From: Brian Diggs <diggsb_at_ohsu.edu>
Date: Mon, 25 Apr 2011 13:06:47 -0700

On 4/25/2011 11:55 AM, William Dunlap wrote:
>
>
> Bill Dunlap
> Spotfire, TIBCO Software
> wdunlap tibco.com
>
>> -----Original Message-----
>> From: r-help-bounces_at_r-project.org
>> [mailto:r-help-bounces_at_r-project.org] On Behalf Of Brian Diggs
>> Sent: Monday, April 25, 2011 11:05 AM
>> To: christoph.jaeckel_at_wi.tum.de
>> Cc: r-help_at_r-project.org
>> Subject: Re: [R] Problem with ddply in the plyr-package:
>> surprising output of a date-column
>>
>> On 4/25/2011 10:19 AM, Christoph Jäckel wrote:
>>> Hi Together,
>>>
>>> I have a problem with the plyr package - more precisely
>> with the ddply
>>> function - and would be very grateful for any help. I hope
>> the example
>>> here is precise enough for someone to identify the problem.
>> Basically,
>>> in this step I want to identify observations that are identical in
>>> terms of certain identifiers (ID1, ID2, ID3) and just want to save
>>> those observations (in this step, without deleting any rows or
>>> manipulating any data) in a separate data.frame. However, I get the
>>> warning message below and the column with dates is messed up.
>>> Interestingly, the value column (the type is factor here, but if you
>>> change that with as.integer it doesn't make any difference)
>> is handled
>>> correctly.

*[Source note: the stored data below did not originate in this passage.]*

(* There is an absolute constant $C$ such that for all $R_1,R_2\ge1$ and all finitely supported non-negative measures $\mu,\nu$ on $[-1,1]^2$, $$\Big|\sum_{z,w}e^{i(R_1z_1w_1+R_2z_2w_2)}\mu(z)\nu(w)\Big|\le C(R_1R_2)^{\frac12}\Big(\sum_z\mu(z)\Big)^{\frac12}\Big(\sum_w\nu(w)\Big)^{\frac12}M_\mu^{\frac12}M_\nu^{\frac12},$$ where $M_\mu=\max_{\xi_1,\xi_2\in\mathbb{R}}\mu\big(B(\xi_1,\tfrac1{R_1})\times B(\xi_2,\tfrac1{R_2})\big)$ and similarly for $M_\nu$.
   Context: Here $z=(z_1,z_2)$, $w=(w_1,w_2)$ range over the supports of $\mu$ and $\nu$, $\mu(z)$ denotes the mass of $\mu$ at $z$, and $B(\xi,\rho)=[\xi-\rho,\xi+\rho]\subset\mathbb{R}$. *)

theory Defs
  imports "HOL-Analysis.Analysis"
begin

text \<open>A finitely supported non-negative measure on the plane is represented by its mass
function mu :: real * real => real; its support is the set of points of nonzero mass.\<close>

definition fsupp :: "(real \<times> real \<Rightarrow> real) \<Rightarrow> (real \<times> real) set" where
  "fsupp mu = {z. mu z \<noteq> 0}"

definition fs_measure_on_square :: "(real \<times> real \<Rightarrow> real) \<Rightarrow> bool" where
  "fs_measure_on_square mu \<longleftrightarrow> finite (fsupp mu) \<and> (\<forall>z. mu z \<ge> 0) \<and>
     fsupp mu \<subseteq> {-1..1} \<times> {-1..1}"

definition mass :: "(real \<times> real \<Rightarrow> real) \<Rightarrow> (real \<times> real) set \<Rightarrow> real" where
  "mass mu A = (\<Sum>z\<in>fsupp mu \<inter> A. mu z)"

definition Bint :: "real \<Rightarrow> real \<Rightarrow> real set" where
  "Bint xi rho = {xi - rho .. xi + rho}"

definition Mmax :: "real \<Rightarrow> real \<Rightarrow> (real \<times> real \<Rightarrow> real) \<Rightarrow> real" where
  "Mmax R1 R2 mu = (SUP xi \<in> (UNIV :: (real \<times> real) set).
      mass mu (Bint (fst xi) (1 / R1) \<times> Bint (snd xi) (1 / R2)))"

end

theory Submission
  imports Defs
begin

Any idea what I do wrong?
>>>
>>> df<-
>> data.frame(cbind(ID1=c(1,2,2,3,3,4,4),ID2=c('a','b','b','c','d
> ','e','e'),ID3=c("v1","v1","v1","v1","v2","v1","v1"),
>>>
>>>
>> Date=c("1985-05-1","1985-05-2","1985-05-3","1985-05-4","1985-0
>> 5-5","1985-05-6","1985-05-7"),
>>> Value=c(1,2,3,4,5,6,7)))
>>> df[,1]<- as.character(df[,1])
>>> df[,2]<- as.character(df[,2])
>>> df$Date<- strptime(df$Date,"%Y-%m-%d")
>>>
>>> #Apparently there are two observation that have the same
>> IDs: ID1=2 and ID1=4
>>> ddply(df,.(ID1,ID2,ID3),nrow)
>>> #I want to save those IDs in a separate data.frame, so the
>> desired output is:
>>> df[c(2:3,6:7),]
>>>
>>> #My idea: Write a custom function that only returns
>> observations with
>>> multiple rows.
>>> #Seems to work except that the Date column doesn't make any
>> sense anymore
>>> #Warning message: In output[[var]][rng]<- df[[var]]: number of items
>>> to replace is not a multiple of replacement length
>>> ddply(df,.(ID1,ID2,ID3),function(df) if(nrow(df)<=1){NULL}else{df})
>>>
>>> #Notice that it works perfectly if I only have one observation with
>>> multiple rows
>>> ddply(df[1:6,],.(ID1,ID2,ID3),function(df)
>> if(nrow(df)<=1){NULL}else{df})
>>
>> Works for me:
>>
>> > df[c(2:3,6:7),]
>> ID1 ID2 ID3 Date Value
>> 2 2 b v1 1985-05-2 2
>> 3 2 b v1 1985-05-3 3
>> 6 4 e v1 1985-05-6 6
>> 7 4 e v1 1985-05-7 7
>> > ddply(df,.(ID1,ID2,ID3),function(df) if(nrow(df)<=1){NULL}else{df})
>> ID1 ID2 ID3 Date Value
>> 1 2 b v1 1985-05-2 2
>> 2 2 b v1 1985-05-3 3
>> 3 4 e v1 1985-05-6 6
>> 4 4 e v1 1985-05-7 7
>> [ ... version info elided ... ]
>> A couple of things: there was just an update of plyr to 1.5.2; maybe
>> that fixes what you are seeing? Also, your df consists of
>> only factors.
>> cbind-ing the data before turning it into a data.frame makes it a
>> character matrix which gets converted to factors.
>>
>> > str(df)
>> 'data.frame': 7 obs. of 5 variables:
>> $ ID1 : Factor w/ 4 levels "1","2","3","4": 1 2 2 3 3 4 4
>> $ ID2 : Factor w/ 5 levels "a","b","c","d",..: 1 2 2 3 4 5 5
>> $ ID3 : Factor w/ 2 levels "v1","v2": 1 1 1 1 2 1 1
>> $ Date : Factor w/ 7 levels "1985-05-1","1985-05-2",..: 1 2
>> 3 4 5 6 7
>> $ Value: Factor w/ 7 levels "1","2","3","4",..: 1 2 3 4 5 6 7
>
> The OP's data.frame contained a POSIXlt (not factor) object
> in the "Date" column
> > str(df)
> 'data.frame': 7 obs. of 5 variables:
> $ ID1 : chr "1" "2" "2" "3" ...
> $ ID2 : chr "a" "b" "b" "c" ...
> $ ID3 : Factor w/ 2 levels "v1","v2": 1 1 1 1 2 1 1
> $ Date : POSIXlt, format: "1985-05-01" "1985-05-02" ...
> $ Value: Factor w/ 7 levels "1","2","3","4",..: 1 2 3 4 5 6 7

Thanks, Bill. Somehow I missed that, despite the OP having it in his code; I even copied it into my testing window. It was my error for not running it and noting it.

> and apparently plyr's equivalent of rbind doesn't support that class.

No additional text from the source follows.